I am genuinely shocked. But then I thought about what Voltaire once said:

Seems I've hit a nerve, from the way you write your posts/replies in which you've said many times you don't need nor like human contact, social interaction, have great self control when it comes to the opposite sex, you like to live your life in solitude, you prefer money and being materialistic over everything etc etc etc etc etc I got the wrong impression that you were a virgin (no shame even if you were)
You do you Bill it's all good.
 
Being a parent is like a disability (in the sense that it prevents you from doing the things that you want to do, and spending time the way you want to spend your time). I would resent having a disability, and would spend all of my time thinking about ways to get well again. I would pray for the kid to get sick and die. But of course this is not how it works. You don't pray for wealth, you steal the money and pray for forgiveness. So I would have to find a way to get the kid to do something like sticking scissors into a power outlet (would that just set off a circuit breaker? I am so thankful that I am free and that there is no need for me to look into all of that nonsense). It would be a horrific memory to have to live with, but to remain a parent would be even more terrible.
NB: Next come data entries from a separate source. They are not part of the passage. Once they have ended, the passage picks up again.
(* Let $X$ and $Y$ be nontrivial real Banach spaces. (a) If $X^*$ has the weak$^*$ diameter $2$ property, then $(X\oplus_1 Y)^*$ has the weak$^*$ diameter $2$ property. (b) If $X^*$ and $Y^*$ have the weak$^*$ diameter $2$ property and $1<p\leq\infty$, then $(X\oplus_p Y)^*$ has the weak$^*$ diameter $2$ property. (c) If $(X\oplus_p Y)^*$ has the weak$^*$ diameter $2$ property, where $1<p\leq\infty$, then $X^*$ has the weak$^*$ diameter $2$ property.
   Context: For $1\le p<\infty$, $X\oplus_p Y$ is $X\times Y$ with norm $(\|x\|^p+\|y\|^p)^{1/p}$; $X\oplus_\infty Y$ has norm $\max\{\|x\|,\|y\|\}$. For a Banach space $Z$, $Z^*$ has the weak$^*$ diameter $2$ property if every nonempty relatively weak$^*$ open subset of the closed unit ball $B_{Z^*}$ has diameter $2$. *)

theory Defs
  imports "HOL-Analysis.Analysis"
begin

definition psum_norm :: "ereal \<Rightarrow> ('a::real_normed_vector \<times> 'b::real_normed_vector) \<Rightarrow> real" where
  "psum_norm p z =
     (if p = \<infinity> then max (norm (fst z)) (norm (snd z))
      else (norm (fst z) powr real_of_ereal p + norm (snd z) powr real_of_ereal p)
             powr (1 / real_of_ereal p))"

text \<open>For a real vector space with norm N: the closed unit ball of the dual space
  (continuous linear functionals of dual norm at most 1), as a subset of 'v \<Rightarrow> real.\<close>
definition dual_ball :: "('v::real_vector \<Rightarrow> real) \<Rightarrow> ('v \<Rightarrow> real) set" where
  "dual_ball N = {f. linear f \<and> (\<forall>x. \<bar>f x\<bar> \<le> N x)}"

definition dual_norm :: "('v::real_vector \<Rightarrow> real) \<Rightarrow> ('v \<Rightarrow> real) \<Rightarrow> real" where
  "dual_norm N f = Sup {\<bar>f x\<bar> | x. N x \<le> 1}"

definition dual_diam :: "('v::real_vector \<Rightarrow> real) \<Rightarrow> ('v \<Rightarrow> real) set \<Rightarrow> real" where
  "dual_diam N S = Sup {dual_norm N (f - g) | f g. f \<in> S \<and> g \<in> S}"

text \<open>Weak* diameter 2 property of the dual: the weak* topology on the dual is the
  restriction of the topology of pointwise convergence (product topology on 'v \<Rightarrow> real).\<close>
definition wstar_d2p :: "('v::real_vector \<Rightarrow> real) \<Rightarrow> bool" where
  "wstar_d2p N \<longleftrightarrow>
     (\<forall>U :: ('v \<Rightarrow> real) set. open U \<and> U \<inter> dual_ball N \<noteq> {} \<longrightarrow>
        dual_diam N (U \<inter> dual_ball N) = 2)"

end

theory Submission
  imports Defs
begin

text \<open>
  A functional on \<open>X \<oplus>\<^sub>p Y\<close> is the sum of its restrictions to the two axes. For (a) and (b)
  choose weights \<open>(\<alpha>, \<beta>)\<close> that dominate the norms of the two restrictions and norm the
  two-dimensional \<open>\<ell>\<^sub>p\<close>-norm at some \<open>(s, t)\<close> (for \<open>p = 1\<close> one can take \<open>t = 0\<close>, so nothing is
  needed from \<open>Y\<close>). Perturbing the two normalised restrictions inside their weak* neighbourhoods
  by pairs of functionals almost \<open>2\<close> apart and recombining them with the weights gives functionals
  on the sum that are almost \<open>2\<close> apart at \<open>(s z\<^sub>1, t z\<^sub>2)\<close>.

  For (c), \<open>p > 1\<close> makes a functional of norm at most one that almost attains the value \<open>1\<close> on
  \<open>X \<times> 0\<close> small on \<open>0 \<times> Y\<close>. So if the weak* neighbourhood of \<open>f0\<close> contains a functional
  almost norming a unit vector, the restrictions to \<open>X\<close> of two far-apart functionals near its lift
  do the job. Such a functional exists: otherwise all functionals near \<open>f0\<close> have norm at most
  \<open>1 - \<theta>\<close>, which forces every functional that is small on the finitely many points defining
  the neighbourhood to be small everywhere; this contradicts the property of the sum near the lift
  of a functional norming \<open>x0 \<noteq> 0\<close>, obtained from the Hahn--Banach theorem.
\<close>

section \<open>Weak* neighbourhoods and the diameter two property\<close>

definition wstar_nbhd :: "'v set \<Rightarrow> real \<Rightarrow> ('v \<Rightarrow> real) \<Rightarrow> ('v \<Rightarrow> real) set" where
  "wstar_nbhd F e f0 = {f. \<forall>x\<in>F. \<bar>f x - f0 x\<bar> < e}"
(* Let $s\in\mathbb N$, $D>0$, and let $g_1,\dots,g_s$ be measurable functions on $[0,1]$ with $|g_i(x)|\le D$ for all $i$ and $x\in[0,1]$, such that $$\max_{\theta}\Big|\int_0^1\prod_{i=1}^s\Big(\frac{g_i(x)}{D}\Big)^{\theta_i}dx\Big|<2^{-s},$$ where the maximum is over all $\theta=(\theta_i)_{i=1}^s\in\{0,1\}^s$ with $\theta\neq(0,\dots,0)$. Then there exist measurable functions $h_1,\dots,h_s$ on $[0,2]$ such that $h_i=g_i$ on $[0,1]$, $|h_i(x)|\le D$ for all $x\in[0,2]$, and $\{h_i\}_{i=1}^s$ is multiplicative on $[0,2]$, i.e. $\int_0^2 h_{i_1}(x)\cdots h_{i_k}(x)\,dx=0$ for every $k\ge1$ and all $1\le i_1<\dots<i_k\le s$. *)

theory Defs
  imports "HOL-Analysis.Analysis"
begin

end

(*
  On (1,2] the extension is a step function: the interval is cut into disjoint pieces A_E,
  one for every sign pattern E \<subseteq> {1..s}, and on A_E the function h_i is -D for i \<in> E and D
  otherwise. Then the integral of the product of the h_i, i \<in> S, over (1,2] is
  D^|S| * sum_E |A_E| chi_S(E) with the Walsh characters chi_S(E) = (-1)^|S \<inter> E|.
  Walsh-Fourier inversion on the cube {-1,1}^s gives lengths
  |A_E| = 2^-s (1 - sum_{T \<noteq> {}} a_T chi_T(E)), a_T the integral over [0,1] of the product
  of the g_i/D, i \<in> T, for which these integrals cancel the ones over [0,1] exactly; the
  hypothesis |a_T| < 2^-s makes these lengths nonnegative, and they add up to 1.
*)

theory Submission
  imports Defs
begin

text \<open>The Walsh character of \<open>S\<close> at the sign vector that is \<open>-1\<close> exactly on \<open>E\<close>.\<close>

definition walsh :: "'a set \<Rightarrow> 'a set \<Rightarrow> real" where
  "walsh S E = (-1) ^ card (S \<inter> E)"

lemma walsh_eq_prod:
  assumes "finite S"
  shows "walsh S E = (\<Prod>i\<in>S. if i \<in> E then -1 else 1)"
  using assms by (simp add: walsh_def prod.If_cases)

lemma walsh_commute: "walsh S E = walsh E S"
  by (simp add: walsh_def Int_commute)

lemma sum_walsh_mult_walsh:
  assumes "finite U" "S \<subseteq> U" "T \<subseteq> U"
  shows "(\<Sum>E\<in>Pow U. walsh S E * walsh T E) = (if S = T then 2 ^ card U else 0)"
proof -
  define c where "c i = (if i \<in> S then -1 else 1) * (if i \<in> T then -1 else (1::real))" for i
  have "walsh S E * walsh T E = (\<Prod>i\<in>E. c i)" if "E \<in> Pow U" for E
  proof -
    have "finite E" using that assms(1) finite_subset by blast
    then show ?thesis by (simp add: walsh_commute[of _ E] walsh_eq_prod c_def prod.distrib)
  qed
  then have "(\<Sum>E\<in>Pow U. walsh S E * walsh T E) = (\<Prod>i\<in>U. c i + 1)"
    using assms(1) prod_add[of U c "\<lambda>_. 1"] by simp
  also have "\<dots> = (if S = T then 2 ^ card U else 0)"
  proof (cases "S = T")
    case True
    then have "c i + 1 = 2" for i by (simp add: c_def)
    then show ?thesis using True by simp
  next
    case False
    then obtain i where "i \<in> U" "i \<in> S \<longleftrightarrow> i \<notin> T" using assms by blast
    then show ?thesis using assms(1) False by (auto simp: c_def prod_zero_iff)
  qed
  finally show ?thesis .
qed

lemma sum_walsh_inversion:
  assumes "finite U" "S \<subseteq> U"
  shows "(\<Sum>E\<in>Pow U. (\<Sum>T\<in>Pow U. c T * walsh T E) * walsh S E) = 2 ^ card U * c S"
proof -
  have "(\<Sum>E\<in>Pow U. (\<Sum>T\<in>Pow U. c T * walsh T E) * walsh S E)
      = (\<Sum>T\<in>Pow U. c T * (\<Sum>E\<in>Pow U. walsh T E * walsh S E))"
    unfolding sum_distrib_left sum_distrib_right by (subst sum.swap) (simp add: mult.assoc)
  also have "\<dots> = (\<Sum>T\<in>Pow U. if T = S then c S * 2 ^ card U else 0)"
    using assms by (intro sum.cong refl) (simp add: sum_walsh_mult_walsh)
  also have "\<dots> = 2 ^ card U * c S"
    using assms by simp
  finally show ?thesis .
qed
Suicide would be another option. I am not sure what option I would end up choosing, but I know for a fact that both the child and myself being alive at the same time would not be an acceptable option for me, not for long, anyway.

Of course the above assumes that for some reason I Had to be around the child. If I could just drop the child off at an orphanage, there would be no need to take any of those more drastic steps.

All of the above is just a long-winded way of saying that I would not make for a great dad.

I don't know whether this is tongue-in-cheek or serious, but it's one of the most outlandish I have ever heard...
 
Seems like one of us did, and it wasn't you. ;)

Yes Bill, You did hit a nerve and if we are both being honest.... I'm devastated, like totally devastated that you have unravelled my whole existence :( I will have to somehow power through this enlightenment that you've blessed me with. Thanks man.
 
Yes Bill, You did hit a nerve and if we are both being honest.... I'm devastated, like totally devastated that you have unravelled my whole existence :( I will have to somehow power through this enlightenment that you've blessed me with. Thanks man.
Good for you.
 
I've never been lonely, but yes, I played my cards right and was able to earn the privilege to be left alone.

That's right.
This is all wrong. If your goal is to be alone you just don't play your cards. In what situation do you play your cards "wrong" and end up in a happy, loving relationship?
 
If your goal is to be alone you just don't play your cards.
I didn't get married, didn't end up being a father - I played my cards right.
In what situation do you play your cards "wrong" and end up in a happy, loving relationship?
If 50% of marriages end in a divorce, and a considerable fraction of the remaining marriages are unhappy ones, with people staying together for the sake of the kids, or because they don't want to pay alimony, etc, then the expected payoff of getting married is negative, and that is the definition of "playing your cards wrong."
 
I didn't get married, didn't end up being a father - I played my cards right.
To me that's sounds like not playing the game. Playing your cards right is being one of the lucky few who is in an amazing relationship living their best life. You miss every pitch you don't swing at!

That's just losing the game.
 
Playing your cards right is being one of the lucky few who is in an amazing relationship living their best life.
This is the difference between introverts and extroverts for you. Introverts don't have to do anything to be happy, whereas extroverts have to jump through hoops for a chance to be happy. The above kind of makes it self-evident which one is the healthier personality to have. In any case, believe it or not, I am living my best life. If I were to give in to peer pressure back when I was younger, and not think for myself, I would be in a relationship now and the game would have been lost.